CBN reviews capital requirements for microfinance banks upward

The Central Bank of Nigeria has increased the capital requirements for microfinance banks in the country in a bid to tackle the challenge of inadequate capital base in the sub-sector.

The CBN announced the upward review of the minimum capital requirement in a circular dated October 22, 2018 to all microfinance banks in the country.

The minimum capital requirement for unit and state microfinance banks was raised by 900 per cent each to N200m and N1bn, respectively from N20m and N100m, while that of national microfinance banks increased by 150 per cent to N5bn from N2bn

According to the circular, the new minimum capital requirement takes immediate effect for new applications, while existing microfinance banks shall be required to fully comply with effect from April 1, 2020.

The Director, Financial Policy and Regulation Department, CBN, Mr Kevin Amugo, said the apex bank reviewed the minimum capital requirement in exercise of the powers conferred on it by the Banks and Other Financial Institutions Act and in furtherance of its mandate to promote a sound financial system in the country.

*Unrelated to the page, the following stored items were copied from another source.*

(* Suppose $X^*\in\operatorname{relint}\mathcal X$ (each $X_i^*$ positive definite) is consistently asymptotically stable under the flow $\Phi$. Then for every sufficiently small compact neighborhood $U$ of $X^*$ in $\operatorname{relint}\mathcal X$, $$\lim_{t\to\infty}\sup_{X\in U}\|\Phi_t(X)-X^*\|=0.$$
   Context: Quantum game with players $i\in\{1,\dots,N\}$; $\mathbb H^{d}$ is the real vector space of $d\times d$ complex Hermitian matrices; $\mathcal X_i=\{X_i\in\mathbb H^{d_i}:X_i\succeq0,\operatorname{tr}X_i=1\}$, $\mathcal X=\prod_i\mathcal X_i$, with any norm $\|\cdot\|$. Payoffs $u_i(X)=\sum_{\omega\in\Omega}U_i(\omega)\operatorname{tr}[P_\omega(X_1\otimes\cdots\otimes X_N)]$; payoff gradient $V_i(X)\in\mathbb H^{d_i}$ with $u_i(A;X_{-i})=\operatorname{tr}(AV_i(X))$. Regularizers $h_i(X_i)=\operatorname{tr}\theta_i(X_i)$ with $\theta_i:[0,1]\to\mathbb R$ continuous, twice differentiable on $(0,1]$, $\theta_i(0)=0$, $\inf_{(0,1]}\theta_i''>0$, and steep ($\lim_{x\to0^+}\theta_i'(x)=-\infty$). Mirror map $Q_i(Y_i)=\arg\max_{X_i\in\mathcal X_i}\{\operatorname{tr}(Y_iX_i)-h_i(X_i)\}$. FTQL dynamics $\dot Y_i=V_i(X)$, $X_i=Q_i(Y_i)$. Standing assumption: the dynamics induce a continuous flow $\Phi:\mathbb R_{\ge0}\times\mathcal X\to\mathcal X$ with $\Phi_t(Q(Y))=Q(Y(t))$ for each FTQL solution with $Y(0)=Y$ (and, outside the image of $Q$, given by the dynamics restricted to the relevant face of $\mathcal X$). $X^*$ is Lyapunov stable if for every neighborhood $U$ of $X^*$ in $\mathcal X$ there is a neighborhood $U'$ with $\Phi_t(U')\subseteq U$ for all $t\ge0$. Domain of consistency of $P\in\mathcal X$: $\mathcal X_P=\{X\in\mathcal X:\ker X_i\subseteq\ker P_i\ \forall i\}$. $P$ is consistently attracting if there is a neighborhood $U$ of $P$ with $\Phi_t(X)\to P$ for all $X\in U\cap\mathcal X_P$; consistently asymptotically stable if Lyapunov stable and consistently attracting. *)

theory Defs
  imports "Jordan_Normal_Form.Schur_Decomposition" "Jordan_Normal_Form.Matrix_Kernel"
begin

definition hermitian :: "nat \<Rightarrow> complex mat \<Rightarrow> bool" where
  "hermitian n A \<longleftrightarrow> A \<in> carrier_mat n n \<and> mat_adjoint A = A"

definition quad_form :: "complex mat \<Rightarrow> complex vec \<Rightarrow> complex" where
  "quad_form A v = (\<Sum>i<dim_vec v. \<Sum>j<dim_vec v. cnj (v $ i) * A $$ (i, j) * v $ j)"

definition psd :: "nat \<Rightarrow> complex mat \<Rightarrow> bool" where
  "psd n A \<longleftrightarrow> hermitian n A \<and> (\<forall>v \<in> carrier_vec n. 0 \<le> Re (quad_form A v))"

definition pos_def :: "nat \<Rightarrow> complex mat \<Rightarrow> bool" where
  "pos_def n A \<longleftrightarrow> hermitian n A \<and> (\<forall>v \<in> carrier_vec n. v \<noteq> 0\<^sub>v n \<longrightarrow> 0 < Re (quad_form A v))"

definition mtrace :: "complex mat \<Rightarrow> complex" where
  "mtrace A = (\<Sum>i<dim_row A. A $$ (i, i))"

definition kron :: "complex mat \<Rightarrow> complex mat \<Rightarrow> complex mat" where
  "kron A B = mat (dim_row A * dim_row B) (dim_col A * dim_col B)
      (\<lambda>(i, j). A $$ (i div dim_row B, j div dim_col B) * B $$ (i mod dim_row B, j mod dim_col B))"

definition spectraplex :: "nat \<Rightarrow> complex mat set" where
  "spectraplex n = {A. psd n A \<and> mtrace A = 1}"

(* tr theta(A) for Hermitian A: sum of theta over the eigenvalues (with multiplicity) *)
definition trace_fun :: "(real \<Rightarrow> real) \<Rightarrow> nat \<Rightarrow> complex mat \<Rightarrow> real" where
  "trace_fun \<theta> n A = (THE s. \<exists>lams :: real list. length lams = n \<and>
      char_poly A = prod_list (map (\<lambda>l. [:- complex_of_real l, 1:]) lams) \<and>
      s = sum_list (map \<theta> lams))"

type_synonym profile = "nat \<Rightarrow> complex mat"

definition profiles :: "nat \<Rightarrow> (nat \<Rightarrow> nat) \<Rightarrow> profile set" where
  "profiles N d = {X. (\<forall>i<N. X i \<in> spectraplex (d i)) \<and> (\<forall>i\<ge>N. X i = 0\<^sub>m 0 0)}"

definition relint_profiles :: "nat \<Rightarrow> (nat \<Rightarrow> nat) \<Rightarrow> profile set" where
  "relint_profiles N d = {X \<in> profiles N d. \<forall>i<N. pos_def (d i) (X i)}"

(* Frobenius-type distance on profiles (all norms on the finite-dim. space are equivalent) *)
definition pdist :: "nat \<Rightarrow> (nat \<Rightarrow> nat) \<Rightarrow> profile \<Rightarrow> profile \<Rightarrow> real" where
  "pdist N d X Y = sqrt (\<Sum>i<N. \<Sum>j<d i. \<Sum>k<d i. (cmod (X i $$ (j, k) - Y i $$ (j, k)))\<^sup>2)"

definition pnhd :: "nat \<Rightarrow> (nat \<Rightarrow> nat) \<Rightarrow> profile set \<Rightarrow> profile \<Rightarrow> bool" where
  "pnhd N d U P \<longleftrightarrow> U \<subseteq> profiles N d \<and>
      (\<exists>e>0. {X \<in> profiles N d. pdist N d X P < e} \<subseteq> U)"

definition pcompact :: "nat \<Rightarrow> (nat \<Rightarrow> nat) \<Rightarrow> profile set \<Rightarrow> bool" where
  "pcompact N d U \<longleftrightarrow> (\<forall>s :: nat \<Rightarrow> profile. (\<forall>n. s n \<in> U) \<longrightarrow>
      (\<exists>r l. strict_mono r \<and> l \<in> U \<and> ((\<lambda>n. pdist N d (s (r n)) l) \<longlonglongrightarrow> 0)))"

definition tensor_profile :: "nat \<Rightarrow> profile \<Rightarrow> complex mat" where
  "tensor_profile N X = foldl kron (1\<^sub>m 1) (map X [0..<N])"

definition payoff :: "nat \<Rightarrow> 'w set \<Rightarrow> ('w \<Rightarrow> complex mat) \<Rightarrow> (nat \<Rightarrow> 'w \<Rightarrow> real)
      \<Rightarrow> nat \<Rightarrow> profile \<Rightarrow> real" where
  "payoff N \<Omega> P U i X = (\<Sum>w\<in>\<Omega>. U i w * Re (mtrace (P w * tensor_profile N X)))"

definition povm :: "nat \<Rightarrow> (nat \<Rightarrow> nat) \<Rightarrow> 'w set \<Rightarrow> ('w \<Rightarrow> complex mat) \<Rightarrow> bool" where
  "povm N d \<Omega> P \<longleftrightarrow> finite \<Omega> \<and> (\<forall>w\<in>\<Omega>. psd (\<Prod>i<N. d i) (P w)) \<and>
      (\<forall>j<(\<Prod>i<N. d i). \<forall>k<(\<Prod>i<N. d i).
         (\<Sum>w\<in>\<Omega>. P w $$ (j, k)) = (if j = k then 1 else 0))"

definition payoff_grad :: "nat \<Rightarrow> (nat \<Rightarrow> nat) \<Rightarrow> 'w set \<Rightarrow> ('w \<Rightarrow> complex mat)
      \<Rightarrow> (nat \<Rightarrow> 'w \<Rightarrow> real) \<Rightarrow> nat \<Rightarrow> profile \<Rightarrow> complex mat" where
  "payoff_grad N d \<Omega> P U i X = (THE V. hermitian (d i) V \<and>
      (\<forall>A. hermitian (d i) A \<longrightarrow> payoff N \<Omega> P U i (X(i := A)) = Re (mtrace (A * V))))"

definition admissible_theta :: "(real \<Rightarrow> real) \<Rightarrow> bool" where
  "admissible_theta \<theta> \<longleftrightarrow> continuous_on {0..1} \<theta> \<and> \<theta> 0 = 0 \<and>
     (\<exists>\<theta>' \<theta>''. (\<forall>x\<in>{0<..1}. (\<theta> has_real_derivative \<theta>' x) (at x within {0<..1})) \<and>
              (\<forall>x\<in>{0<..1}. (\<theta>' has_real_derivative \<theta>'' x) (at x within {0<..1})) \<and>
              (\<exists>c>0. \<forall>x\<in>{0<..1}. c \<le> \<theta>'' x) \<and>
              filterlim \<theta>' at_bot (at_right 0))"

definition mirror :: "(real \<Rightarrow> real) \<Rightarrow> nat \<Rightarrow> complex mat \<Rightarrow> complex mat" where
  "mirror \<theta> n Y = (THE X. X \<in> spectraplex n \<and>
      (\<forall>Z \<in> spectraplex n. Re (mtrace (Y * Z)) - trace_fun \<theta> n Z
                           \<le> Re (mtrace (Y * X)) - trace_fun \<theta> n X))"

definition mirror_profile :: "nat \<Rightarrow> (nat \<Rightarrow> nat) \<Rightarrow> (nat \<Rightarrow> real \<Rightarrow> real) \<Rightarrow> profile \<Rightarrow> profile" where
  "mirror_profile N d \<theta> Y = (\<lambda>i. if i < N then mirror (\<theta> i) (d i) (Y i) else 0\<^sub>m 0 0)"

definition ftql_solution :: "nat \<Rightarrow> (nat \<Rightarrow> nat) \<Rightarrow> 'w set \<Rightarrow> ('w \<Rightarrow> complex mat)
      \<Rightarrow> (nat \<Rightarrow> 'w \<Rightarrow> real) \<Rightarrow> (nat \<Rightarrow> real \<Rightarrow> real) \<Rightarrow> (real \<Rightarrow> profile) \<Rightarrow> bool" where
  "ftql_solution N d \<Omega> P U \<theta> Y \<longleftrightarrow>
     (\<forall>t\<ge>0. \<forall>i<N. hermitian (d i) (Y t i)) \<and>
     (\<forall>t\<ge>0. \<forall>i<N. \<forall>j<d i. \<forall>k<d i.
        ((\<lambda>s. Y s i $$ (j, k)) has_vector_derivative
            (payoff_grad N d \<Omega> P U i (mirror_profile N d \<theta> (Y t)) $$ (j, k))) (at t within {0..}))"

definition lyapunov_stable :: "nat \<Rightarrow> (nat \<Rightarrow> nat) \<Rightarrow> (real \<Rightarrow> profile \<Rightarrow> profile) \<Rightarrow> profile \<Rightarrow> bool" where
  "lyapunov_stable N d \<Phi> Xs \<longleftrightarrow> (\<forall>U. pnhd N d U Xs \<longrightarrow>
      (\<exists>U'. pnhd N d U' Xs \<and> (\<forall>t\<ge>0. \<Phi> t ` U' \<subseteq> U)))"

definition consistency_domain :: "nat \<Rightarrow> (nat \<Rightarrow> nat) \<Rightarrow> profile \<Rightarrow> profile set" where
  "consistency_domain N d Q = {X \<in> profiles N d. \<forall>i<N. mat_kernel (X i) \<subseteq> mat_kernel (Q i)}"

definition consistently_attracting :: "nat \<Rightarrow> (nat \<Rightarrow> nat) \<Rightarrow> (real \<Rightarrow> profile \<Rightarrow> profile) \<Rightarrow> profile \<Rightarrow> bool" where
  "consistently_attracting N d \<Phi> Q \<longleftrightarrow> (\<exists>U. pnhd N d U Q \<and>
      (\<forall>X \<in> U \<inter> consistency_domain N d Q. ((\<lambda>t. pdist N d (\<Phi> t X) Q) \<longlongrightarrow> 0) at_top))"

definition consistently_asymp_stable :: "nat \<Rightarrow> (nat \<Rightarrow> nat) \<Rightarrow> (real \<Rightarrow> profile \<Rightarrow> profile) \<Rightarrow> profile \<Rightarrow> bool" where
  "consistently_asymp_stable N d \<Phi> Q \<longleftrightarrow> lyapunov_stable N d \<Phi> Q \<and> consistently_attracting N d \<Phi> Q"

definition ftql_flow :: "nat \<Rightarrow> (nat \<Rightarrow> nat) \<Rightarrow> 'w set \<Rightarrow> ('w \<Rightarrow> complex mat)
      \<Rightarrow> (nat \<Rightarrow> 'w \<Rightarrow> real) \<Rightarrow> (nat \<Rightarrow> real \<Rightarrow> real) \<Rightarrow> (real \<Rightarrow> profile \<Rightarrow> profile) \<Rightarrow> bool" where
  "ftql_flow N d \<Omega> P U \<theta> \<Phi> \<longleftrightarrow>
     (\<forall>t\<ge>0. \<forall>X\<in>profiles N d. \<Phi> t X \<in> profiles N d) \<and>
     (\<forall>X\<in>profiles N d. \<Phi> 0 X = X) \<and>
     (\<forall>s\<ge>0. \<forall>t\<ge>0. \<forall>X\<in>profiles N d. \<Phi> (s + t) X = \<Phi> t (\<Phi> s X)) \<and>
     (\<forall>t\<ge>0. \<forall>X\<in>profiles N d. \<forall>e>0. \<exists>\<delta>>0. \<forall>s\<ge>0. \<forall>Z\<in>profiles N d.
         \<bar>s - t\<bar> < \<delta> \<and> pdist N d Z X < \<delta> \<longrightarrow> pdist N d (\<Phi> s Z) (\<Phi> t X) < e) \<and>
     (\<forall>Y. ftql_solution N d \<Omega> P U \<theta> Y \<longrightarrow>
         (\<forall>t\<ge>0. \<Phi> t (mirror_profile N d \<theta> (Y 0)) = mirror_profile N d \<theta> (Y t)))"

end

theory Submission imports Defs "HOL-Analysis.L2_Norm" begin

He noted that given the role of microfinance banks in economic growth and development, the Microfinance Policy, Regulatory and Supervisory Framework was introduced on December 15, 2005 and revised in 2011.

Amugo stated that the key focus of the policy was, among others, to increase financial inclusion rate in the country, improve access to financial services for the active rural poor, and pursue poverty eradication.

According to him, the microfinance banking sub-sector, in pursuit of the above objectives, has been contending with such challenges as inadequate capital base, weak corporate governance, ineffective risk management practices, dearth of requisite capacity and mission drift.

He said, “The CBN has reviewed the state of health of the sub-sector and is of the view that microfinance banks, as presently constituted, would be unable to meet the critical targets set out in the Microfinance Policy, hence the need for specific reforms to strengthen the sub-sector and reposition microfinance banks towards improved performance.

“To meet these requirements, existing microfinance banks are expected to explore the possibility of mergers and acquisitions and/or direct injection of funds. The Revised Regulatory and Supervisory Guidelines for Microfinance Banks, Code of Corporate Governance for Microfinance Banks and sector-specific Prudential Guidelines for Microfinance Banks would be issued in due course.”